Paul is the one who develops this dimension to its fullest. The risen Christ is not just a glorified replica of the earthly Jesus. Rather it incorporates all of us human beings as its members, with Christ’s spirit circulating among and within each one of us, making us intimately one. When Paul refers to the body of Christ in his letters, this is usually the body he means. In this body Christ is the head, we are the members. When this body is totally complete, Christ will present it to his Father so that all will be in all. In recent centuries the term mystical body has been used for this total body of Christ. Narrowing our focus, into that Christ are incorporated the other members of the local congregation who also belong to his body. So in receiving the Eucharist we receive one another in a deeper way than we can receive one another in our usual human relationships, because we are receiving one another in the Christ which unites us as one body. To quote Pope John Paul II in his letter Ecclesia de Eucharistia (23):

“Eucharistic communion also confirms the Church in her unity as the body of Christ. Saint Paul refers to this unifying power of participation in the banquet of the Eucharist when he writes to the Corinthians: “The bread which we break, is it not a communion in the body of Christ? Because there is one bread, we who are many are one body, for we all partake of the one bread” (1 Cor 10:16-17). Saint John Chrysostom’s commentary on these words is profound and perceptive: “For what is the bread? It is the body of Christ. And what do those who receive it become? The Body of Christ – not many bodies but one body. For as bread is completely one, though made of up many grains of wheat, and these, albeit unseen, remain nonetheless present, in such a way that their difference is not apparent since they have been made a perfect whole, so too are we mutually joined to one another and together united with Christ”.
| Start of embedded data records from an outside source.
lemma boring_gaps_limit:
  assumes Fs: "\<And>i. word_embedding \<Sigma> (Fs i)" "\<And>i. boring_gaps E (Fs i ` words \<Sigma>)"
    and agree: "\<And>i a. a \<in> words \<Sigma> \<Longrightarrow> length a \<le> i \<Longrightarrow> Fs i a = Fs (Suc i) a"
  shows "boring_gaps E ((\<lambda>a. Fs (length a) a) ` words \<Sigma>)"
  unfolding boring_gaps_def
proof (intro allI impI)
  define G where "G a = Fs (length a) a" for a
  have G: "word_embedding \<Sigma> G"
    unfolding G_def[abs_def] using word_embedding_limit[of \<Sigma> Fs, OF Fs(1) agree] .
  fix l
  assume "l \<notin> length ` (\<lambda>a. Fs (length a) a) ` words \<Sigma>"
  with Fs(1) agree have "l \<notin> length ` Fs (Suc l) ` words \<Sigma>"
    by (rule limit_gap)
  then have "boring_level E (Fs (Suc l) ` words \<Sigma>) l"
    using Fs(2) by (simp add: boring_gaps_def)
  then have "boring_level E (G ` words \<Sigma>) l"
  proof (rule boring_level_transfer)
    fix x
    assume "x \<in> G ` words \<Sigma>" "l < length x"
    then obtain a where a: "a \<in> words \<Sigma>" "x = G a" "l < length (G a)"
      by blast
    define y where "y = take (Suc l) a"
    have y: "y \<in> words \<Sigma>" "length y \<le> Suc l"
      using a(1) by (simp_all add: y_def words_take)
    have Gy: "G y = Fs (Suc l) y"
      unfolding G_def using stable_sequence_eq[of \<Sigma> Fs, OF agree y] .
    have "l < length (G y)"
    proof (cases "length a \<le> Suc l")
      case False
      then show ?thesis
        using word_embedding.length_ge[OF G y(1)] y_def by simp
    qed (use a in \<open>simp add: y_def\<close>)
    moreover have "prefix (G y) (G a)"
      unfolding y_def using word_embedding.prefix_mono[OF G a(1) take_is_prefix] .
    ultimately show "\<exists>z\<in>Fs (Suc l) ` words \<Sigma>. l < length z \<and> take (Suc l) z = take (Suc l) x"
      using y Gy a(2) prefix_take_eq by (metis Suc_leI image_eqI)
  qed
  then show "boring_level E ((\<lambda>a. Fs (length a) a) ` words \<Sigma>) l"
    by (simp add: G_def[abs_def])
qed

lemma M_E_limit:
  assumes FsM: "\<And>i. Fs i \<in> M_E \<Sigma> E"
    and agree: "\<And>i a. a \<in> words \<Sigma> \<Longrightarrow> length a \<le> i \<Longrightarrow> Fs i a = Fs (Suc i) a"
  shows "\<exists>G\<in>M_E \<Sigma> E. \<forall>i. \<forall>a\<in>words \<Sigma>. length a \<le> i \<longrightarrow> G a = Fs i a"
proof
  have Fs: "word_embedding \<Sigma> (Fs i)" "boring_gaps E (Fs i ` words \<Sigma>)" for i
    using FsM by (simp_all add: M_E_iff)
  show "(\<lambda>a. Fs (length a) a) \<in> M_E \<Sigma> E"
    using word_embedding_limit[of \<Sigma> Fs, OF Fs(1) agree] boring_gaps_limit[of \<Sigma> Fs, OF Fs agree]
    by (simp add: M_E_iff)
  show "\<forall>i. \<forall>a\<in>words \<Sigma>. length a \<le> i \<longrightarrow> Fs (length a) a = Fs i a"
    using stable_sequence_eq[of \<Sigma> Fs, OF agree] by blast
qed

section \<open>Inserting a boring letter\<close>

definition insert_letter :: "nat \<Rightarrow> ('c list \<Rightarrow> 'c) \<Rightarrow> 'c list \<Rightarrow> 'c list" where
  "insert_letter L e w = (if length w < L then w else take L w @ e (take L w) # drop L w)"

lemma length_insert_letter:
  "length (insert_letter L e w) = (if length w < L then length w else Suc (length w))"
  by (simp add: insert_letter_def)

lemma insert_letter_snoc: "length w = L \<Longrightarrow> insert_letter L e w = w @ [e w]"
  by (simp add: insert_letter_def)

lemma word_embedding_insert_letter:
  assumes "boring_family \<Sigma> E" "e \<in> E L"
  shows "word_embedding \<Sigma> (insert_letter L e)"
proof
  fix a
  assume a: "a \<in> words \<Sigma>"
  then have "\<not> length a < L \<Longrightarrow> e (take L a) \<in> \<Sigma>"
    using boring_family_letter[OF assms] by (simp add: words_take)
  with a show "insert_letter L e a \<in> words \<Sigma>"
    by (auto simp: insert_letter_def words_iff dest: in_set_takeD in_set_dropD)
next
  show "inj_on (insert_letter L e) (words \<Sigma>)"
    by (rule inj_on_inverseI[where g = "\<lambda>w. if length w \<le> L then w else take L w @ drop (Suc L) w"])
      (simp add: insert_letter_def)
next
  fix a b
  assume "a \<in> words \<Sigma>" "b \<in> words \<Sigma>" "length a = length b"
  then show "length (insert_letter L e a) = length (insert_letter L e b)"
    by (simp add: length_insert_letter)
next
  fix a c
  assume "a \<in> words \<Sigma>" "c \<in> \<Sigma>"
  show "prefix (insert_letter L e a @ [c]) (insert_letter L e (a @ [c]))"
    by (cases "length a < L"; cases "Suc (length a) < L") (auto simp: insert_letter_def)
qed

lemma lengths_insert_letter:
  assumes "x \<in> \<Sigma>"
  shows "length ` insert_letter L e ` words \<Sigma> = UNIV - {L}"
proof
  show "length ` insert_letter L e ` words \<Sigma> \<subseteq> UNIV - {L}"
    by (auto simp: length_insert_letter split: if_splits)
  have "l \<in> (\<lambda>w. length (insert_letter L e w)) ` words \<Sigma>" if "l \<noteq> L" for l
  proof (cases "l < L")
    case True
    then show ?thesis
      using assms by (intro image_eqI[of _ _ "replicate l x"])
        (auto simp: length_insert_letter words_replicate)
  next
    case False
    with that show ?thesis
      using assms by (intro image_eqI[of _ _ "replicate (l - 1) x"])
        (auto simp: length_insert_letter words_replicate)
  qed
  then show "UNIV - {L} \<subseteq> length ` insert_letter L e ` words \<Sigma>"
    by (auto simp: image_image)
qed

lemma M_E_insert_letter:
  assumes "boring_family \<Sigma> E" "e \<in> E L" "x \<in> \<Sigma>"
  shows "insert_letter L e \<in> M_E \<Sigma> E"
    and "skips_only (words \<Sigma>) prefix (insert_letter L e) L"
proof -
  interpret word_embedding \<Sigma> "insert_letter L e"
    using assms(1,2) by (rule word_embedding_insert_letter)
  have "boring_level E (insert_letter L e ` words \<Sigma>) L"
    unfolding boring_level_def
    by (intro bexI[OF _ assms(2)]) (auto simp: insert_letter_def nth_append)
  then show "insert_letter L e \<in> M_E \<Sigma> E"
    using lengths_insert_letter[OF assms(3)] word_embedding_axioms
    by (simp add: M_E_iff boring_gaps_def)
  show "skips_only (words \<Sigma>) prefix (insert_letter L e) L"
    using lengths_insert_letter[OF assms(3)] by (simp add: skips_only_def tilde_range_eq)
qed

lemma M_E_successor_copy:
  assumes "boring_family \<Sigma> E" "x \<in> \<Sigma>" "n < m"
  shows "\<exists>F\<in>M_E \<Sigma> E. skips_only (words \<Sigma>) prefix F m \<and>
    (\<forall>a b p c y. a \<in> words \<Sigma> \<and> level (words \<Sigma>) prefix a = n \<and>
       b \<in> words \<Sigma> \<and> level (words \<Sigma>) prefix b = m \<and>
       word_S \<Sigma> a p c = Some y \<and> prefix y b \<longrightarrow> word_S \<Sigma> b p c = Some (F b))"
proof -
  obtain e where e: "e \<in> E m" and e_eq: "\<And>b. b \<in> words \<Sigma> \<Longrightarrow> length b = m \<Longrightarrow> e b = b ! n"
    using boring_family_projection[OF assms(1,3)] by blast
  have "word_S \<Sigma> b p c = Some (insert_letter m e b)"
    if "a \<in> words \<Sigma>" "length a = n" "b \<in> words \<Sigma>" "length b = m"
      "word_S \<Sigma> a p c = Some y" "prefix y b" for a b p c y
  proof -
    have "p = []" "c \<in> \<Sigma>" "prefix (a @ [c]) b"
      using that(5,6) by (simp_all add: word_S_Some_iff)
    then have "b ! n = c"
      using that(2) by (auto elim!: prefixE simp: nth_append)
    then show ?thesis
      using that e_eq \<open>p = []\<close> \<open>c \<in> \<Sigma>\<close> by (simp add: word_S_Some_iff insert_letter_snoc)
  qed
  then show ?thesis
    using M_E_insert_letter[OF assms(1) e assms(2)] by (intro bexI[of _ "insert_letter m e"]) auto
qed

section \<open>Factoring out a skipped level\<close>

lemma prefix_take: "prefix x y \<Longrightarrow> length x \<le> n \<Longrightarrow> prefix x (take n y)"
  by (auto elim!: prefixE)

locale skipped_level = boring_embedding \<Sigma> F E for \<Sigma> :: "'c set" and F E +
  fixes n L :: nat and eL :: "'c list \<Rightarrow> 'c"
  assumes nonempty: "\<Sigma> \<noteq> {}"
    and level_n: "F_tilde n = Suc L"
    and skipped: "L \<notin> length ` F ` words \<Sigma>"
    and eL: "eL \<in> E L"
    and eL_eq: "a \<in> words \<Sigma> \<Longrightarrow> L < length (F a) \<Longrightarrow> F a ! L = eL (take L (F a))"
begin

lemma length_level_n: "a \<in> words \<Sigma> \<Longrightarrow> length a = n \<Longrightarrow> length (F a) = Suc L"
  using F_tilde_length level_n by metis

lemma length_below_n:
  assumes "a \<in> words \<Sigma>" "length a < n"
  shows "length (F a) < L"
proof -
  obtain x where "x \<in> \<Sigma>"
    using nonempty by blast
  then have "F_tilde (length a) < F_tilde n"
    using assms(2) strict_mono_F_tilde by (simp add: strict_mono_less)
  then have "length (F a) < Suc L"
    using F_tilde_length[OF assms(1)] level_n by simp
  moreover have "length (F a) \<noteq> L"
    using skipped assms(1) by blast
  ultimately show ?thesis
    by simp
qed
So the act of receiving the Eucharist is an act of communion, with Christ in first place, and then with our fellow humans, near to us and far away. We are already one in hearing the word of God, and in entering into Christ’s offering of himself made present in the liturgy of the Eucharist. But we are even more one in receiving the Eucharist.
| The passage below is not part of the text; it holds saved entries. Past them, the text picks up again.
text \<open>A digraph is a pair (V, A): a finite vertex set and an arc set A \<subseteq> V \<times> V
  without loops (multiple arcs are excluded automatically since A is a set).\<close>
definition digraph :: "'a set \<Rightarrow> ('a \<times> 'a) set \<Rightarrow> bool" where
  "digraph V A \<longleftrightarrow> finite V \<and> A \<subseteq> V \<times> V \<and> (\<forall>x. (x, x) \<notin> A)"

definition arcs_of :: "'a list \<Rightarrow> ('a \<times> 'a) list" where
  "arcs_of p = zip p (tl p)"

definition is_path :: "('a \<times> 'a) set \<Rightarrow> 'a \<Rightarrow> 'a \<Rightarrow> 'a list \<Rightarrow> bool" where
  "is_path A x y p \<longleftrightarrow> p \<noteq> [] \<and> hd p = x \<and> last p = y \<and> distinct p
      \<and> set (arcs_of p) \<subseteq> A"

definition path_len :: "'a list \<Rightarrow> nat" where
  "path_len p = length p - 1"

definition strongly_connected :: "'a set \<Rightarrow> ('a \<times> 'a) set \<Rightarrow> bool" where
  "strongly_connected V A \<longleftrightarrow> V \<noteq> {} \<and> (\<forall>x\<in>V. \<forall>y\<in>V. \<exists>p. is_path A x y p)"

definition ddist :: "('a \<times> 'a) set \<Rightarrow> 'a \<Rightarrow> 'a \<Rightarrow> nat" where
  "ddist A x y = (LEAST n. \<exists>p. is_path A x y p \<and> path_len p = n)"

definition geodesic :: "('a \<times> 'a) set \<Rightarrow> 'a \<Rightarrow> 'a \<Rightarrow> 'a list \<Rightarrow> bool" where
  "geodesic A x y p \<longleftrightarrow> is_path A x y p \<and> path_len p = ddist A x y"

definition strongly_rainbow_colouring ::
    "'a set \<Rightarrow> ('a \<times> 'a) set \<Rightarrow> nat \<Rightarrow> ('a \<times> 'a \<Rightarrow> nat) \<Rightarrow> bool" where
  "strongly_rainbow_colouring V A k \<Gamma> \<longleftrightarrow>
     (\<forall>a\<in>A. \<Gamma> a \<in> {1..k}) \<and>
     (\<forall>x\<in>V. \<forall>y\<in>V. x \<noteq> y \<longrightarrow>
        (\<exists>p. geodesic A x y p \<and> distinct (map \<Gamma> (arcs_of p))))"

definition src :: "'a set \<Rightarrow> ('a \<times> 'a) set \<Rightarrow> nat" where
  "src V A = (LEAST k. \<exists>\<Gamma>. strongly_rainbow_colouring V A k \<Gamma>)"

end

theory Submission
  imports Defs
begin

text \<open>In D the geodesics
  1\<rightarrow>2\<rightarrow>3\<rightarrow>4, 4\<rightarrow>5\<rightarrow>0\<rightarrow>1\<rightarrow>2 and 3\<rightarrow>4\<rightarrow>5\<rightarrow>0\<rightarrow>1 are the unique shortest paths between their
  end vertices, and every two of the arcs (0,1), (1,2), (3,4), (4,5), (5,0) lie together on one
  of them; hence a strongly rainbow connected colouring of D needs five colours. Deleting (2,3)
  destroys this configuration and H has such a colouring with four colours. The remaining
  finitely many distance facts are checked by enumerating all simple paths.\<close>

lemma arcs_of_simps [simp]:
  "arcs_of [] = []"
  "arcs_of [v] = []"
  "arcs_of (v # w # p) = (v, w) # arcs_of (w # p)"
  by (simp_all add: arcs_of_def)

lemma set_subset_insert_hd_arc_targets:
  "p \<noteq> [] \<Longrightarrow> set p \<subseteq> insert (hd p) (snd ` set (arcs_of p))"
proof (induction p)
  case (Cons v p)
  then show ?case by (cases p) auto
qed simp

lemma is_path_length_le_card:
  assumes path: "is_path A x y p" and A: "A \<subseteq> V \<times> V" and x: "x \<in> V" and V: "finite V"
  shows "length p \<le> card V"
proof -
  have "insert (hd p) (snd ` set (arcs_of p)) \<subseteq> V"
    using path A x unfolding is_path_def by auto
  then have "set p \<subseteq> V"
    using path set_subset_insert_hd_arc_targets unfolding is_path_def by blast
  then have "card (set p) \<le> card V" using V by (rule card_mono[rotated])
  then show ?thesis using path distinct_card unfolding is_path_def by metis
qed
So the risen body of Christ is a many-splendoured mystery: it is the transformation into glory of his earthly body, it incorporates all of us as its members, and it comes to us intimately and repeatedly in the Eucharist.

Jean-Marc Laporte, SJ lives in Montreal where he is the socius to the novice director for the Canadian Jesuits.

Print
4 Comments
  • EstherGrace
    Posted at 09:03h, 03 July Reply

    How helpful and clear to this Quaker, Thanks.

  • Peter Bisson
    Posted at 09:15h, 03 July Reply

    Thank you Jean-Marc!

  • Eric Jensen, I'm often a robot
    Posted at 16:26h, 03 July Reply

    Thank you, Jean-Marc! this is brilliant in its simplicity!
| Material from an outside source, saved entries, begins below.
theorem gpow_tendsto_uniform_on_generate:
  assumes y: "y \<in> prob_simplex G" "0 < y \<one>"
  shows "(\<lambda>p. l1_norm G (\<lambda>g. gpow G y p g - uniform_on (generate G (supp G y)) g)) \<longlonglongrightarrow> 0"
proof -
  define K where "K = generate G (supp G y)"
  have K: "subgroup K G"
    unfolding K_def by (rule generate_is_subgroup[OF supp_subset_carrier])
  have y_K: "supported_on K y"
    by (rule supported_on_of_supp_subset) (auto simp: K_def prob_simplex_galg[OF y(1)] intro: generate.incl)
  have card: "0 < card K"
    by (rule subgroup.finite_imp_card_positive[OF K finite_carrier])
  obtain k \<delta> where "0 < k" "0 < \<delta>" and \<delta>_le: "\<And>g. g \<in> K \<Longrightarrow> \<delta> \<le> gpow G y k g"
    using gpow_bounded_below_on_generate[OF y] unfolding K_def by blast
  have "\<delta> * card K \<le> 1"
    by (rule lower_bound_mult_card_le_1[OF gpow_in_prob_simplex[OF y(1)] subgroup.subset[OF K] \<delta>_le])
  define e where "e p = (\<lambda>g. gpow G y p g - uniform_on K g)" for p
  have e_step: "e (p + q) = gmult G (e p) (gpow G y q)" for p q
    using uniform_on_absorbs[OF K gpow_in_prob_simplex[OF y(1)] supported_on_gpow[OF K y_K]]
    by (simp add: e_def gmult_diff_left gpow_add)
  have e_K: "supported_on K (e p)" for p
    using supported_on_gpow[OF K y_K, of p] by (auto simp: e_def supported_on_def uniform_on_def)
  have e_sum: "(\<Sum>g\<in>carrier G. e p g) = 0" for p
    by (simp add: e_def sum_subtractf sum_uniform_on[OF K]
        prob_simplex_sum[OF gpow_in_prob_simplex[OF y(1)]])
  have "(\<lambda>p. l1_norm G (e p)) \<longlonglongrightarrow> 0"
  proof (rule tendsto_zero_of_decreasing_contraction)
    show "l1_norm G (e (Suc p)) \<le> l1_norm G (e p)" for p
      using e_step[of p 1] l1_norm_gmult_le[of "e p" "gpow G y 1"]
        l1_norm_prob_simplex[OF gpow_in_prob_simplex[OF y(1)], of 1] by simp
    show "l1_norm G (e (p + k)) \<le> (1 - \<delta> * card K) * l1_norm G (e p)" for p
      unfolding e_step
      by (rule l1_norm_gmult_contraction[OF K gpow_in_prob_simplex[OF y(1)]
            supported_on_gpow[OF K y_K] \<delta>_le e_K e_sum])
  qed (use l1_norm_nonneg \<open>0 < k\<close> \<open>\<delta> * card K \<le> 1\<close> \<open>0 < \<delta>\<close> card in auto)
  then show ?thesis by (simp add: e_def K_def)
qed

end

section \<open>The sequence of powers of a probability vector\<close>

locale random_walk = finite_group +
  fixes x :: "'a \<Rightarrow> real"
  assumes x_in_prob_simplex: "x \<in> prob_simplex G"
begin

lemma gpow_x_in_prob_simplex: "gpow G x n \<in> prob_simplex G"
  by (rule gpow_in_prob_simplex[OF x_in_prob_simplex])

lemma n_of_exists: "\<exists>k. 1 \<le> k \<and> gpow G x k \<one> \<noteq> 0"
proof -
  obtain a where a: "a \<in> carrier G" "x a \<noteq> 0"
    using prob_simplex_sum[OF x_in_prob_simplex] by (metis sum.neutral zero_neq_one)
  then have "0 < gpow G x 1 a"
    using prob_simplex_nonneg[OF x_in_prob_simplex, of a]
    by (simp add: prob_simplex_galg[OF x_in_prob_simplex])
  then have "0 < gpow G x (1 * ord a) (a [^] ord a)"
    by (rule gpow_pos_nat_pow[OF x_in_prob_simplex a(1)])
  then show ?thesis
    using ord_ge_1[OF finite_carrier a(1)] a(1) by (intro exI[of _ "ord a"]) simp
qed

lemma n_of: "1 \<le> n_of G x" "0 < gpow G x (n_of G x) \<one>"
proof -
  have "1 \<le> n_of G x \<and> gpow G x (n_of G x) \<one> \<noteq> 0"
    unfolding n_of_def by (rule LeastI_ex[OF n_of_exists])
  then show "1 \<le> n_of G x" "0 < gpow G x (n_of G x) \<one>"
    using prob_simplex_nonneg[OF gpow_x_in_prob_simplex, of "n_of G x" \<one>] by auto
qed

lemma subgroup_G_of: "subgroup (G_of G x) G"
  unfolding G_of_def by (rule generate_is_subgroup[OF supp_subset_carrier])

lemma supported_on_G_of: "supp G (gpow G x k) \<subseteq> G_of G x \<Longrightarrow> supported_on (G_of G x) (gpow G x k)"
  using supported_on_of_supp_subset[of "gpow G x k" G] by simp

lemma c_of_eq_uniform_on: "c_of G x = uniform_on (G_of G x)"
  by (simp add: c_of_def uniform_on_def)

lemma c_of_in_prob_simplex: "c_of G x \<in> prob_simplex G"
  unfolding c_of_eq_uniform_on by (rule uniform_on_in_prob_simplex[OF subgroup_G_of])

lemma m_of: "1 \<le> m_of G x" "supp G (gpow G x (m_of G x)) \<subseteq> G_of G x"
proof -
  have "\<exists>k. 1 \<le> k \<and> supp G (gpow G x k) \<subseteq> G_of G x"
    using n_of(1) by (auto simp: G_of_def intro: generate.incl)
  then have "1 \<le> m_of G x \<and> supp G (gpow G x (m_of G x)) \<subseteq> G_of G x"
    unfolding m_of_def by (rule LeastI_ex)
  then show "1 \<le> m_of G x" "supp G (gpow G x (m_of G x)) \<subseteq> G_of G x"
    by auto
qed

lemma m_of_minimal: "1 \<le> k \<Longrightarrow> k < m_of G x \<Longrightarrow> \<not> supp G (gpow G x k) \<subseteq> G_of G x"
  unfolding m_of_def using not_less_Least by blast

lemma gpow_n_of_tendsto_c_of:
  "(\<lambda>p. l1_norm G (\<lambda>g. gpow G (gpow G x (n_of G x)) p g - c_of G x g)) \<longlonglongrightarrow> 0"
  using gpow_tendsto_uniform_on_generate[OF gpow_x_in_prob_simplex n_of(2)]
  by (simp add: c_of_eq_uniform_on G_of_def)

lemma c_of_absorbs:
  "z \<in> prob_simplex G \<Longrightarrow> supported_on (G_of G x) z \<Longrightarrow> gmult G (c_of G x) z = c_of G x"
  unfolding c_of_eq_uniform_on by (rule uniform_on_absorbs[OF subgroup_G_of])

lemma c_of_gpow_mod:
  "gmult G (c_of G x) (gpow G x N) = gmult G (c_of G x) (gpow G x (N mod m_of G x))"
proof -
  let ?m = "m_of G x"
  have "gmult G (c_of G x) (gpow G x (?m * (N div ?m))) = c_of G x"
    unfolding gpow_mult
    by (intro c_of_absorbs gpow_in_prob_simplex gpow_x_in_prob_simplex
        supported_on_gpow[OF subgroup_G_of] supported_on_G_of m_of(2))
  moreover have "gpow G x N = gmult G (gpow G x (?m * (N div ?m))) (gpow G x (N mod ?m))"
    by (simp flip: gpow_add)
  ultimately show ?thesis by (simp add: gmult_assoc[symmetric])
qed

(* With y = x^(n_x) and N = n_x q + s, the difference is (y^q - c_x) x^s. *)

lemma l1_norm_gpow_minus_c_of_tendsto:
  "(\<lambda>N. l1_norm G (\<lambda>g. gpow G x N g - gmult G (c_of G x) (gpow G x (N mod m_of G x)) g)) \<longlonglongrightarrow> 0"
proof -
  let ?n = "n_of G x" and ?y = "gpow G x (n_of G x)"
  have bound: "l1_norm G (\<lambda>g. gpow G x N g - gmult G (c_of G x) (gpow G x (N mod m_of G x)) g)
      \<le> l1_norm G (\<lambda>g. gpow G ?y (N div ?n) g - c_of G x g)" for N
  proof -
    define q s where "q = N div ?n" and "s = N mod ?n"
    have x_N: "gpow G x N = gmult G (gpow G ?y q) (gpow G x s)"
      by (simp add: q_def s_def flip: gpow_add gpow_mult)
    have "gmult G (c_of G x) (gpow G ?y q) = c_of G x"
      by (intro c_of_absorbs gpow_in_prob_simplex gpow_x_in_prob_simplex
          supported_on_gpow[OF subgroup_G_of] supported_on_G_of)
         (auto simp: G_of_def intro: generate.incl)
    then have "gmult G (c_of G x) (gpow G x (N mod m_of G x)) = gmult G (c_of G x) (gpow G x s)"
      using c_of_gpow_mod[of N] x_N by (simp add: gmult_assoc[symmetric])
    then have "(\<lambda>g. gpow G x N g - gmult G (c_of G x) (gpow G x (N mod m_of G x)) g)
        = gmult G (\<lambda>g. gpow G ?y q g - c_of G x g) (gpow G x s)"
      by (simp add: gmult_diff_left x_N)
    then show ?thesis
      using l1_norm_gmult_le[of "\<lambda>g. gpow G ?y q g - c_of G x g" "gpow G x s"]
      by (simp add: q_def l1_norm_prob_simplex[OF gpow_x_in_prob_simplex])
  qed
  have "(\<lambda>N. l1_norm G (\<lambda>g. gpow G ?y (N div ?n) g - c_of G x g)) \<longlonglongrightarrow> 0"
    by (rule filterlim_compose[OF gpow_n_of_tendsto_c_of filterlim_at_top_div_const_nat])
       (use n_of(1) in simp)
  then show ?thesis
    by (rule Lim_null_comparison[rotated]) (use bound in \<open>simp add: abs_of_nonneg l1_norm_nonneg\<close>)
qed

lemma gpow_asymptotically_periodic:
  assumes "filterlim N at_top F"
  shows "((\<lambda>k. gpow G x (N k) g - gmult G (c_of G x) (gpow G x (N k mod m_of G x)) g) \<longlongrightarrow> 0) F"
proof (rule tendsto_pointwise_of_l1_norm)
  show "((\<lambda>k. l1_norm G (\<lambda>g. gpow G x (N k) g - gmult G (c_of G x) (gpow G x (N k mod m_of G x)) g))
      \<longlongrightarrow> 0) F"
    by (rule filterlim_compose[OF l1_norm_gpow_minus_c_of_tendsto assms])
qed (simp add: diff_in_galg)

lemma gpow_n_of_tendsto_c_of_pointwise: "(\<lambda>q. gpow G (gpow G x (n_of G x)) q g) \<longlonglongrightarrow> c_of G x g"
proof -
  have "(\<lambda>q. gpow G (gpow G x (n_of G x)) q g - c_of G x g) \<longlonglongrightarrow> 0"
    by (rule tendsto_pointwise_of_l1_norm[OF gpow_n_of_tendsto_c_of])
       (simp add: diff_in_galg prob_simplex_galg[OF c_of_in_prob_simplex])
  then show ?thesis by (simp add: LIM_zero_iff)
qed

(* c_x commutes with x because it is the limit of the powers of x^(n_x). *)

lemma x_c_of_commute: "gmult G x (c_of G x) = gmult G (c_of G x) x"
proof (rule ext)
  fix g
  let ?y = "gpow G x (n_of G x)"
  have commute: "gmult G x (gpow G ?y q) = gmult G (gpow G ?y q) x" for q
    using gpow_Suc_left[OF prob_simplex_galg[OF x_in_prob_simplex], of "n_of G x * q"]
    by (simp add: gpow_mult)
  have "(\<lambda>q. gmult G x (gpow G ?y q) g) \<longlonglongrightarrow> gmult G x (c_of G x) g"
    by (rule tendsto_gmult_right) (rule gpow_n_of_tendsto_c_of_pointwise)
  moreover have "(\<lambda>q. gmult G x (gpow G ?y q) g) \<longlonglongrightarrow> gmult G (c_of G x) x g"
    unfolding commute by (rule tendsto_gmult_left) (rule gpow_n_of_tendsto_c_of_pointwise)
  ultimately show "gmult G x (c_of G x) g = gmult G (c_of G x) x g"
    by (rule LIMSEQ_unique)
qed

lemma c_of_commutes: "gmult G (c_of G x) (gpow G x j) = gmult G (gpow G x j) (c_of G x)"
proof (induction j)
  case 0
  show ?case by (simp add: prob_simplex_galg[OF c_of_in_prob_simplex])
next
  case (Suc j)
  have "gmult G (c_of G x) (gpow G x (Suc j)) = gmult G (gpow G x j) (gmult G (c_of G x) x)"
    by (simp add: Suc gmult_assoc[symmetric])
  also have "\<dots> = gmult G (gpow G x (Suc j)) (c_of G x)"
    by (simp add: x_c_of_commute[symmetric] gmult_assoc)
  finally show ?case .
qed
    May you have a blessed 84th birthday on the 5th!

  • Sally Grant
    Posted at 18:24h, 03 July Reply

    This is such a wonderful reflection, explaining the Body of Christ in a manner that “makes sense” in our times. I expecially enjoyed how you wrote about our Oneness within His Body which transforms us into One Body of Christ. I am sending it on to my parish priest who will LOVE it and ponder it’s wisdome, then share it with all of the parish.